Despite firehouse rejection, Gearhart council mulls land swap

Published 2:00 pm Friday, August 19, 2022

In May, Gearhart voters rejected a $14.5 million bond measure for a new firehouse, a stinging message to city leaders who had argued that the project was critical to replace the aging fire station on Pacific Way.

The proposal was defeated by a two-thirds vote.

But the city may still pursue a land swap plan to bring land originally intended for the station into the city’s urban growth boundary.

“I thought it was a great-looking property myself,” Mayor Kerry Smith said at a council work session Aug. 18. “I don’t see a downside. A nice park adjacent to the butterfly habitat is a great thing. And the upper lot, the one that was at one time going to be for the fire station — I think that’s a great location for a lot of things the city could do.”

No property rights would be changed and no land would be given up, City Attorney Peter Watts said.

“The developers will be able to develop it in R-1 residential designation and we would receive approximately 5 acres, approximately half for a public park and then the other half could be used for a public purpose,” he said.

While there are no new plans for a fire or police station at the site, councilors weighed options in pursuing the land swap with developers. “This is vacant land up here until you have another opportunity,” City Administrator Chad Sweet said.

Potential benefits would include added buildable land stock and redundancy of the water system. The site could serve as a helicopter landing area or dunes passageway in the event of a Cascadia Subduction Zone event.

According to terms of the August 2021 contingent land transfer agreement signed by the city and developers of Cottages at Gearhart LLC, two parcels would be turned over to the city, a 3-acre park parcel on the south side and a 1-acre parcel on top of the dune site.

The agreement calls for owners, a group of local builders and developers, to exchange the two lots outside Gearhart’s urban growth boundary for use as a park and a new firehouse and resiliency station. In exchange the city would give 34 acres west of the city’s no-build zone into the county, most of it unsuitable for development.

The developers could get about 22 to 25 houses into the property under county 1-acre zoning as opposed to the city’s zoning of 10,000 square feet per lot. Under city zoning, the property could have up to 48 houses.

“The developers will be able to develop it in R-1 residential designation, and we would receive approximately five acres – approximately half for a public park and then the other half could be used for a public purpose,” Watts said. “The city’s not getting into the development game.

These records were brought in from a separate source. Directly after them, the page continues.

(* Let $f:X\to Y$ be a continuous map between sober topological spaces, and let $f^{\#}:C(Y)\to C(X)$, $W\mapsto f^{-1}(W)$. The following are equivalent: (1) $f$ is an epimorphism in the category $\mathbf{Sob}$ of sober spaces and continuous maps; (2) $f^{\#}$ is injective; (3) $f^{\#}$ is a monomorphism in the category of complete idealic semirings; (4) for every closed subset $z$ of $Y$, the set $f(X)\cap z$ is dense in $z$.
   Context: A topological space is sober if every irreducible closed subset has a unique generic point. An idealic semiring is a set with two commutative associative operations $+,\cdot$ with units $0,1$, where $+$ is idempotent, $\cdot$ distributes over $+$, $0$ is absorbing for $\cdot$ and $1$ is absorbing for $+$; it is complete if arbitrary (infinite) sums exist and multiplication distributes over them, and morphisms of complete idealic semirings preserve $0,1$, products and arbitrary sums. For a sober space $X$, $C(X)$ is the set of closed subsets with $Z+W=Z\cap W$ (arbitrary sums being intersections), $Z\cdot W=Z\cup W$, $0=X$, $1=\emptyset$; this is a complete idealic semiring with idempotent multiplication, and $f^{\#}$ is a morphism of such. *)

theory Defs
  imports "HOL-Analysis.Analysis"
begin

definition irreducible_closed :: "'a topology \<Rightarrow> 'a set \<Rightarrow> bool" where
  "irreducible_closed X Z \<longleftrightarrow> closedin X Z \<and> Z \<noteq> {} \<and>
     (\<forall>A B. closedin X A \<and> closedin X B \<and> Z = A \<union> B \<longrightarrow> Z = A \<or> Z = B)"

definition generic_point :: "'a topology \<Rightarrow> 'a set \<Rightarrow> 'a \<Rightarrow> bool" where
  "generic_point X Z x \<longleftrightarrow> x \<in> topspace X \<and> X closure_of {x} = Z"

definition sober :: "'a topology \<Rightarrow> bool" where
  "sober X \<longleftrightarrow> (\<forall>Z. irreducible_closed X Z \<longrightarrow> (\<exists>!x. generic_point X Z x))"

text \<open>Epimorphism in the category Sob, tested against all sober spaces whose
points live in the type 'c.\<close>
definition sob_epi :: "'c itself \<Rightarrow> 'a topology \<Rightarrow> 'b topology \<Rightarrow> ('a \<Rightarrow> 'b) \<Rightarrow> bool" where
  "sob_epi _ X Y f \<longleftrightarrow>
     (\<forall>(Z::'c topology) g h. sober Z \<and> continuous_map Y Z g \<and> continuous_map Y Z h \<and>
        (\<forall>x\<in>topspace X. g (f x) = h (f x)) \<longrightarrow> (\<forall>y\<in>topspace Y. g y = h y))"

We’re getting property in order to benefit members of the public.”

In addition, the land exchange would allow the city to loop pipes and add redundancy to the city’s water system.

“It’s a public health benefit,” Watts said. “It would allow us to provide water outside of the city.”

If the city is unable to bring the property into the urban growth boundary within one year from the signing on Aug. 23, the agreement would terminate unless both parties agree to an extension, Watts said.

The cons of that would be fewer houses, Watts said, with a potential loss of property tax income to the city of about $80,000.

If councilors move forward with an extension of the agreement at the next meeting on Sept. 7, the state’s Department of Land Conservation and Development would need to approve the deal.

“You, as the City Council, do not have final say on whether this happens because it has to be approved by the Department of Land Conservation Development,” Watts said. “They have the final say regarding this and it’s a technical decision that is made by them.”

Whether the city decides to make the deal, developers will proceed with a minimum of 21 lots, Cottages at Gearhart investor Ryan Osburn said. With or without a deal with the city, he said, “We’re going to develop it. There’s no doubt.”